Congratulations to our Economics colleagues for their recent publications!

“The enduring impacts of early life exposure to heatwaves on climate governance”
 published in the Journal of Environmental Economics and Management 

by Profs. Jingbo Cui (Duke Kunshan University), Chunhua Wang (Shanghai Jiaotong University) and Zhenxuan Wang (North Carolina State University)

This paper examines the enduring effects of early-life exposure to heatwaves on the climate governance of local political leaders. We compile detailed biographical information on city mayors and party secretaries in China and combine it with comprehensive data on carbon emissions, economic outcomes, and policies for over 2800 counties from 2000 to 2017. We find that counties governed by officials who experienced heatwaves in their early life exhibit about a 1% reduction in carbon emissions relative to those governed by officials without such exposure. The effect is driven primarily by mayors, officials with more intense or repeated heatwave exposure, and cities with less industrialized economic structures. Further analysis provides suggestive evidence that these officials are more likely to implement carbon pricing and emission abatement policies, as well as policies with clear targets, enforcement, and mandatory language.
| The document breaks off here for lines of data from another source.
(* Let $A$ be a finite alphabet with at least two symbols and $X=A^{\mathbb{N}}$. There exists a sequence $\{\mu_\ell\}_{\ell\in\mathbb{N}}$ in $\mathcal{M}^+(X)$ which converges with respect to the projective distance $\rho$ but does not converge with respect to Ornstein's $\bar{d}$-distance.
   Context: For $\pmb{a}=a_1\cdots a_n\in A^n$, $[\pmb{a}]=\{\pmb{x}\in X:\ x_1\cdots x_n=\pmb{a}\}$. $\mathcal{M}^+(X)$ is the set of Borel probability measures $\mu$ on $X$ with $\mu[\pmb{a}]>0$ for all finite words $\pmb{a}$. Projective distance: $\rho(\mu,\nu)=\sup_{n\in\mathbb{N}}\max_{\pmb{a}\in A^n}\frac1n\left|\log\frac{\mu[\pmb{a}]}{\nu[\pmb{a}]}\right|$. A coupling of $\mu,\nu$ is a Borel probability measure $\lambda$ on $(A\times A)^{\mathbb{N}}$ with coordinate marginals $\mu$ and $\nu$; $J(\mu,\nu)$ is the set of couplings. With $\bar{\Delta}=\{\pmb{x}\times\pmb{y}: x_1\neq y_1\}$ and $T$ the left shift on $(A\times A)^{\mathbb{N}}$, $\bar{d}(\mu,\nu)=\inf_{\lambda\in J(\mu,\nu)}\limsup_{n\to\infty}\frac1n\sum_{k=0}^{n-1}\lambda(T^{-k}\bar{\Delta})$. *)

theory Defs
  imports "HOL-Probability.Probability"
begin

text \<open>The shift space X = A^N over a finite alphabet 'a, with its Borel sigma-algebra
  (= product sigma-algebra of the discrete sigma-algebras, since A is finite).\<close>

definition Xsig :: "(nat \<Rightarrow> 'a) measure" where
  "Xsig = PiM UNIV (\<lambda>_. count_space UNIV)"

text \<open>Cylinder set [a] for a finite word a = a_1 ... a_n (list, 0-indexed).\<close>
definition cylinder :: "'a list \<Rightarrow> (nat \<Rightarrow> 'a) set" where
  "cylinder w = {x. \<forall>i<length w. x i = w ! i}"

definition prob_on_X :: "(nat \<Rightarrow> 'a) measure \<Rightarrow> bool" where
  "prob_on_X \<mu> \<longleftrightarrow> prob_space \<mu> \<and> sets \<mu> = sets Xsig"

definition Mplus :: "(nat \<Rightarrow> 'a) measure set" where
  "Mplus = {\<mu>. prob_on_X \<mu> \<and> (\<forall>w. measure \<mu> (cylinder w) > 0)}"

definition rho :: "(nat \<Rightarrow> 'a) measure \<Rightarrow> (nat \<Rightarrow> 'a) measure \<Rightarrow> ereal" where
  "rho \<mu> \<nu> = (SUP n\<in>{1..}. SUP w\<in>{w::'a list. length w = n}.
      ereal (\<bar>ln (measure \<mu> (cylinder w) / measure \<nu> (cylinder w))\<bar> / real n))"

definition couplings :: "(nat \<Rightarrow> 'a) measure \<Rightarrow> (nat \<Rightarrow> 'a) measure \<Rightarrow> (nat \<Rightarrow> 'a \<times> 'a) measure set" where
  "couplings \<mu> \<nu> = {L. prob_space L \<and> sets L = sets (PiM UNIV (\<lambda>_::nat. count_space (UNIV::('a\<times>'a) set)))
      \<and> distr L Xsig (\<lambda>z i. fst (z i)) = \<mu> \<and> distr L Xsig (\<lambda>z i. snd (z i)) = \<nu>}"

text \<open>Ornstein's d-bar distance. T^{-k} of {x \<times> y : x_1 \<noteq> y_1} is the set where the k-th
  coordinates (0-indexed) differ.\<close>
definition dbar :: "(nat \<Rightarrow> 'a) measure \<Rightarrow> (nat \<Rightarrow> 'a) measure \<Rightarrow> ereal" where
  "dbar \<mu> \<nu> = (INF L\<in>couplings \<mu> \<nu>.
      limsup (\<lambda>n. ereal ((1 / real n) * (\<Sum>k<n. measure L {z. fst (z k) \<noteq> snd (z k)}))))"

end

theory Submission
  imports Defs "HOL-Real_Asymp.Real_Asymp"
begin

text \<open>
  All measures are renewal processes: at each time j the current symbol is replaced by a uniformly
  random one with probability 1/((j+1)(j+2)) and kept otherwise. The limit \<mu> is this process, and
  \<mu>_l additionally pins the symbol at time l to c_l with probability 3/4. Cylinders of length
  at most l have equal mass under \<mu>_l and \<mu>, and all others differ by a factor at most
  4|A|(l+1)(l+2), so \<rho>(\<mu>_l, \<mu>) \<le> log(4|A|(l+1)(l+2))/(l+1) \<rightarrow> 0.
  Refreshes after time l have total probability below 1/(l+2), so under \<mu>_l the symbol c_l
  has marginal probability about 3/4 at every time k \<ge> l, and any other symbol about 1/4.
  A small d-bar distance forces the Cesaro averages of one-dimensional marginals to be close;
  alternating c_l between two symbols therefore rules out any d-bar limit.
\<close>

section \<open>The projective distance and d-bar\<close>

lemma space_Xsig [simp]: "space Xsig = UNIV"
  by (simp add: Xsig_def space_PiM)

lemma cylinder_in_sets: "cylinder w \<in> sets Xsig"
proof -
  have "{x \<in> space Xsig. \<forall>i<length w. x i = w!i} \<in> sets Xsig"
    unfolding Xsig_def by measurable
  then show ?thesis by (simp add: cylinder_def)
qed

lemma coord_eq_in_sets: "{x. x k = d} \<in> sets Xsig"
proof -
  have "{x \<in> space Xsig. x k = d} \<in> sets Xsig"
    unfolding Xsig_def by measurable
  then show ?thesis by simp
qed

lemma abs_ln_div_le:
  fixes a b C :: real
  assumes "0 < a" "0 < b" "a \<le> C * b" "b \<le> C * a"
  shows "\<bar>ln (a / b)\<bar> \<le> ln C"
proof -
  have "0 < C * b" using assms by linarith
  then have "0 < C" using assms(2) by (simp add: zero_less_mult_iff)
  then have "ln a \<le> ln (C * b)" "ln b \<le> ln (C * a)"
    using assms by simp_all
  then have "ln a \<le> ln C + ln b" "ln b \<le> ln C + ln a"
    using assms \<open>0 < C\<close> by (simp_all add: ln_mult)
  then show ?thesis using assms by (simp add: ln_div)
qed
lemma exp_dominates_exp_control: "weakly_dominates (\<lambda>t. ennreal (2 powr t)) exp_control"
  unfolding weakly_dominates_def
proof (rule exI[of _ "20::real"], intro conjI exI[of _ "28::real"] allI impI)
  fix t :: real
  assume "0 \<le> t"
  have "real (nat \<lceil>t\<rceil>) \<le> t + 1"
    using \<open>0 \<le> t\<close> by linarith
  then have "(2::real) ^ (20 * nat \<lceil>t\<rceil> + 8) \<le> 2 powr (20 * t + 28)"
    by (subst powr_realpow[symmetric]) auto
  also have "\<dots> \<le> 20 * 2 powr (20 * t + 28) + 28"
    by simp
  finally have "exp_control t \<le> ennreal (20 * 2 powr (20 * t + 28) + 28)"
    unfolding exp_control_def by (rule ennreal_leI)
  then show "exp_control t \<le> ennreal 20 * ennreal (2 powr (20 * t + 28)) + ennreal 28"
    by (simp add: ennreal_plus ennreal_mult)
qed simp_all

theorem corollary4p7:
  fixes n :: nat
  assumes "n \<ge> 1"
  shows "(\<exists>D. control_fn lamp_carrier ldist n D \<and>
              weakly_dominates (\<lambda>t. ennreal (2 powr t)) D) \<and>
         (\<forall>D. control_fn lamp_carrier ldist n D \<longrightarrow>
              weakly_dominates D (\<lambda>t. ennreal (2 powr t)))"
  using control_fn_exp_control[OF assms] exp_dominates_exp_control control_fn_dominates_exp by blast

end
Their governance reshapes local economic structures by constraining the activity and entry of emission-intensive manufacturing firms, a pattern further supported by firm-level evidence of lower carbon emissions.

“A model of participatory persuasion”

published in the Games and Economic Behavior

by Profs. Liuchun Deng (Duke Kunshan University) and Yufeng Sun (Shanghai University of Finance and Economics)

This paper develops a formal model of participatory persuasion. The paper studies how a political regime that controls information may nevertheless benefit from allowing citizens to communicate with one another in limited ways, either among peers or within families across generations. The main finding is paradoxical: compared with a setting in which citizens do not communicate at all, limited communication can prolong the survival of a regime. When citizens exchange personal experiences only within small circles, they may receive mixed signals about the regime’s performance. These mixed signals can make citizens less certain that political change is warranted and can therefore make official information control more effective. The paper also shows that this effect depends critically on the scope and structure of communication. If communication becomes broad enough for citizens to aggregate information accurately, the regime’s ability to manipulate beliefs sharply declines. The analysis therefore highlights a subtle distinction between limited spaces for communication and genuinely open information exchange.